August / Monthly / Tutorials / Software / Home

A Quick Overview of Sof

First of all, what is Sof? Sof (Signal Object File), one of the most attractive features of the IFCs, provides us with a way to simplify and unify file I/O among all data objects in the IFCs. Sof also makes it easy to represent files in either binary or text format. Each IFC has the following methods: read, readData, write, and writeData. The read method will, by default, search a file for a tag corresponding to the name of its class. If this tag is found, the read method proceeds to call the readData method which is responsible for reading the actual object member data from the file. The class's readData method calls the readData methods of each of the class's member data (or whatever member data we feel needs to be read from a file for a particular data object). The write and writeData methods follow the same principle. In doing this, we can nest as many data objects as we want in a class and not increase the complexity of the I/O methods needed for that class. Another convenient features of Sof is that read and write methods have very little involvment in taking different actions for binary and text file representations. Most of these decisions are made in the Sof parser and the Sof class.

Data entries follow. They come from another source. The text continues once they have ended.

(* Let $M$ be a combinatorial $3$-manifold with vertex set $V=V_1\dot\cup V_2$, and let $S_{(V_1,V_2)}$ be a connected slicing of $M$ of genus $g$ with $q$ quadrilaterals. Suppose that for some $i\in\{1,2\}$ the induced subcomplex $\operatorname{span}(V_i)$ has dimension $1$, and let $n:=|V_i|$. Then \[ q\ \ge\ 3(n+g-1). \] In particular, this applies to every slicing all of whose facets are quadrilaterals.
   Context: A combinatorial $3$-manifold is a finite pure $3$-dimensional simplicial complex in which the link of every vertex is a combinatorial $2$-sphere. For a set $W$ of vertices, $\operatorname{span}(W)$ is the induced subcomplex of $M$ on $W$ (all simplices of $M$ with all vertices in $W$). A function $f:M\to\mathbb{R}$ is regular simplexwise linear (rsl) if it is linear on every simplex and takes pairwise distinct values on the vertices. Given a partition $V=V_1\dot\cup V_2$ of the vertex set into nonempty sets, choose an rsl-function $f$ with $f(v)<f(w)$ for all $v\in V_1$, $w\in V_2$ and $x_0$ strictly between $\max f(V_1)$ and $\min f(V_2)$; the slicing $S_{(V_1,V_2)}$ is the polyhedral surface $f^{-1}(x_0)$, whose facets are the triangles and quadrilaterals obtained by intersecting $f^{-1}(x_0)$ with the tetrahedra of $M$ meeting both $V_1$ and $V_2$ (a quadrilateral arises from a tetrahedron with exactly two vertices in each part). *)

theory Defs
  imports Main
begin

definition simplicial_complex :: "'a set set \<Rightarrow> bool" where
  "simplicial_complex K \<longleftrightarrow> finite K \<and> (\<forall>\<sigma>\<in>K. finite \<sigma> \<and> \<sigma> \<noteq> {})
     \<and> (\<forall>\<sigma>\<in>K. \<forall>\<tau>. \<tau> \<subseteq> \<sigma> \<and> \<tau> \<noteq> {} \<longrightarrow> \<tau> \<in> K)"

definition verts :: "'a set set \<Rightarrow> 'a set" where
  "verts K = \<Union>K"

definition faces :: "'a set set \<Rightarrow> nat \<Rightarrow> 'a set set" where
  "faces K k = {\<sigma>\<in>K. card \<sigma> = k + 1}"

definition complex_dim :: "'a set set \<Rightarrow> nat \<Rightarrow> bool" where
  "complex_dim K d \<longleftrightarrow> (\<exists>\<sigma>\<in>K. card \<sigma> = d + 1) \<and> (\<forall>\<sigma>\<in>K. card \<sigma> \<le> d + 1)"

definition pure_dim :: "'a set set \<Rightarrow> nat \<Rightarrow> bool" where
  "pure_dim K d \<longleftrightarrow> complex_dim K d \<and> (\<forall>\<sigma>\<in>K. \<exists>\<tau>\<in>K. \<sigma> \<subseteq> \<tau> \<and> card \<tau> = d + 1)"

definition link :: "'a set set \<Rightarrow> 'a \<Rightarrow> 'a set set" where
  "link K v = {\<sigma>. \<sigma> \<noteq> {} \<and> v \<notin> \<sigma> \<and> insert v \<sigma> \<in> K}"

definition span :: "'a set set \<Rightarrow> 'a set \<Rightarrow> 'a set set" where
  "span K W = {\<sigma>\<in>K. \<sigma> \<subseteq> W}"

text \<open>connectedness (of the 1-skeleton, equivalently of the polyhedron)\<close>
definition connected_cx :: "'a set set \<Rightarrow> bool" where
  "connected_cx K \<longleftrightarrow> verts K \<noteq> {} \<and>
     (\<forall>u\<in>verts K. \<forall>w\<in>verts K. (u, w) \<in> {(x, y). {x, y} \<in> K}\<^sup>*)"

IHD (ISIP Hierarchical Digraph)

Early versions of our software only supported one language model format, which we called Digraph. To store a language model to a file, we used to write it's components, which were SearchLevel objects, individually to the file instead of writing a single object. SearchLevel objects were stored in a similar manner. Each of the different components had a separate tag that identified the type of component. Instead of using the traditional Sof 'read' and 'write' methods for LanguageModel object I/O, we used the methods 'load' and 'store' to read and write the language model components to and from a file. If we were to look at a text representation of one of these files, there was no clear indication that the file contained a language model. Click here to see an example.

This method of storing a language model prevented the ability to store other data, besides the language model data, to the file. For example, if we were to create a new type of language model in the future that used the original LanguageModel object as a data type, it would be very difficult to store the new type of language model to a file. Also, we may want to store multiple language models to a file, but this method of storing prevented that as well.

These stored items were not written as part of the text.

lemma tight_corner_if_not_rle_Diff:
  assumes "finite D" "rle n T D" "\<not> rle n T (D - {p})"
  obtains t where "t \<in> Phi n" "p \<in> corner t"
    "card (T \<inter> corner t) = card (D \<inter> corner t)"
proof -
  obtain t where t: "t \<in> Phi n" "card ((D - {p}) \<inter> corner t) < card (T \<inter> corner t)"
    using assms(3) unfolding rle_iff_card_corner by (auto simp: not_le)
  have "card (T \<inter> corner t) \<le> card (D \<inter> corner t)"
    using assms(2) t(1) unfolding rle_iff_card_corner by blast
  moreover have "(D - {p}) \<inter> corner t = D \<inter> corner t - {p}"
    by blast
  ultimately have "p \<in> corner t" "card (T \<inter> corner t) = card (D \<inter> corner t)"
    using t(2) card_Diff_singleton_if[of "D \<inter> corner t" p] by (auto split: if_splits)
  with t(1) that show ?thesis by blast
qed

lemma exists_Mt_rle_Diff:
  assumes "finite T" "finite D" "rle n T D" "card T < card D"
  shows "\<exists>p\<in>Mt D. rle n T (D - {p})"
proof (rule ccontr)
  assume "\<not> ?thesis"
  then have "\<forall>p\<in>Mt D. \<exists>t. t \<in> Phi n \<and> p \<in> corner t \<and>
      card (T \<inter> corner t) = card (D \<inter> corner t)"
    using tight_corner_if_not_rle_Diff[OF assms(2,3)] by metis
  then obtain f where f: "\<forall>p\<in>Mt D. f p \<in> Phi n \<and> p \<in> corner (f p) \<and>
      card (T \<inter> corner (f p)) = card (D \<inter> corner (f p))"
    by metis
  let ?U = "\<Union>(corner ` f ` Mt D)"
  have "D \<subseteq> ?U"
  proof
    fix d assume "d \<in> D"
    then obtain p where "p \<in> Mt D" "ple p d"
      using exists_Mt_ple[OF assms(2)] by blast
    with f show "d \<in> ?U"
      using corner_upclosed by blast
  qed
  have "finite (Mt D)"
    using assms(2) unfolding Mt_def by simp
  then have "card (D \<inter> ?U) \<le> card (T \<inter> ?U)"
    using f assms(3) unfolding rle_iff_card_corner
    by (intro card_Int_UN_corner_le[OF assms(1,2)]) auto
  also have "\<dots> \<le> card T"
    using assms(1) by (simp add: card_mono)
  finally show False
    using \<open>D \<subseteq> ?U\<close> assms(4) by (simp add: Int_absorb2)
qed
lemma V0_unit_cancel:
  assumes "u \<in> V 0" "\<psi> u \<noteq> 0" "x * u = 0"
  shows "x = 0"
proof -
  obtain z where "u * z = 1" using V0_unit[OF assms(1,2)] by blast
  then have "x = x * u * z" by (simp add: mult.assoc)
  then show ?thesis using assms(3) by simp
qed

lemma psi_prod_list_radical:
  assumes "set xs \<subseteq> jacobson (V 0)"
  shows "\<psi> (prod_list xs) = (if xs = [] then 1 else 0)"
proof -
  have "set xs \<subseteq> V 0" "set (map \<psi> xs) \<subseteq> {0}"
    using assms unfolding subset_iff in_radical_iff by auto
  then show ?thesis by (cases xs) (auto simp: psi_one psi_mult prod_list_in_V0)
qed

lemma prod_list_radical_in_V0: "set xs \<subseteq> jacobson (V 0) \<Longrightarrow> prod_list xs \<in> V 0"
  using prod_list_in_V0 in_radical_iff by blast

text \<open>For the least \<open>k\<close> with \<open>c k \<noteq> 0\<close>, the relation factors as
  \<open>(r\<^sub>1 \<cdots> r\<^sub>k) * u = 0\<close> with \<open>\<psi> u = c k\<close>, so \<open>u\<close> is a unit and the prefix product vanishes.\<close>

lemma radical_prefix_products_independent:
  assumes rs: "set rs \<subseteq> jacobson (V 0)" and nonzero: "prod_list rs \<noteq> 0"
    and relation: "(\<Sum>j\<le>length rs. scale (c j) (prod_list (take j rs))) = 0"
    and "j \<le> length rs"
  shows "c j = 0"
proof (rule ccontr)
  assume "c j \<noteq> 0"
  define L where "L = length rs"
  define k where "k = (LEAST j. c j \<noteq> 0)"
  have ck: "c k \<noteq> 0" and "k \<le> j" and below_k: "\<And>i. i < k \<Longrightarrow> c i = 0"
    using \<open>c j \<noteq> 0\<close> LeastI[of "\<lambda>j. c j \<noteq> 0"] Least_le[of "\<lambda>j. c j \<noteq> 0"] not_less_Least
    unfolding k_def by blast+
  then have kL: "k \<le> L" using assms(4) by (simp add: L_def)
  define r where "r i = prod_list (drop k (take i rs))" for i
  have r_radical: "set (drop k (take i rs)) \<subseteq> jacobson (V 0)" for i
    using rs by (auto dest: in_set_takeD in_set_dropD)
  define u where "u = (\<Sum>i\<in>{k..L}. scale (c i) (r i))"
  have "(\<Sum>i\<le>L. scale (c i) (prod_list (take i rs))) = (\<Sum>i\<in>{k..L}. scale (c i) (prod_list (take i rs)))"
    using below_k by (intro sum.mono_neutral_right) auto
  then have "0 = (\<Sum>i\<in>{k..L}. scale (c i) (prod_list (take i rs)))"
    using relation by (simp add: L_def)
  also have "\<dots> = (\<Sum>i\<in>{k..L}. prod_list (take k rs) * scale (c i) (r i))"
  proof (intro sum.cong refl)
    fix i assume "i \<in> {k..L}"
    then show "scale (c i) (prod_list (take i rs)) = prod_list (take k rs) * scale (c i) (r i)"
      by (simp add: r_def prod_list_take_split[of k i rs] scale_mult_right)
  qed
  also have "\<dots> = prod_list (take k rs) * u"
    by (simp add: u_def sum_distrib_left)
  finally have "prod_list (take k rs) * u = 0" ..
  moreover have "\<psi> u = c k"
  proof -
    have "\<psi> u = (\<Sum>i\<in>{k..L}. c i * \<psi> (r i))"
      by (simp add: u_def r_def psi_sum psi_scale V_scale prod_list_radical_in_V0[OF r_radical])
    also have "\<dots> = (\<Sum>i\<in>{k..L}. if i = k then c k else 0)"
      by (rule sum.cong) (auto simp: r_def psi_prod_list_radical[OF r_radical] L_def)
    finally show ?thesis using kL by simp
  qed
  moreover have "u \<in> V 0"
    by (simp add: u_def r_def V_sum V_scale prod_list_radical_in_V0[OF r_radical])
  ultimately have "prod_list (take k rs) = 0" using V0_unit_cancel ck by metis
  then show False using nonzero prod_list_take_split[OF kL, of rs] by (simp add: L_def)
qed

As we begin to support multiple industry standard grammar formats (JSGF, XML), we find that it's much more convenient to store a self-contained LanguageModel Sof object to a file rather than individual components. This way, we can use the power of Sof to unify these different formats so that they may be easily read and written. The image to the right illustrates how we now store a LanguageModel object in IHD format. When LanguageModel's write method is called, the system writes a LanguageModel tag and the format of the language model, which is IHD in this case. The system proceeds to write a HierarchicalDigraph object, which is a class we use to encapsulate the vector of SearchLevel objects that comprises the "guts" of the language model. Click here to see an example of the new IHD language model format. This method of LanguageModel I/O eliminates the contraints set by the previous method.

Converting to IHD

Don't worry, your old language model files aren't useless. If you still have the native file created by network builder, all you need to do is load the native file in network builder, and save the file in IHD format. A tutorial for using isip_network_builder can be found here.

If you don't have the native language model, but you still have the the old Digraph language model, you can convert to the new IHD format using either isip_network_builder or isip_network_converter. To use isip_network_builder, simply load the old file and save in IHD format, just as you would do with native file. To convert using isip_network_converter, use the following command:

isip_network_converter -input_format IHD -output_format IHD -output_type TEXT input_file output_file smp_file

You can also use DIGRAPH as the input format and IHD as the output format. The output file will be in the new IHD format.

These changes will be included with our upcoming release, which is scheduled for sometime this fall. If you'd like to check out the most current (pre-released) version of our software, see the tutorial here.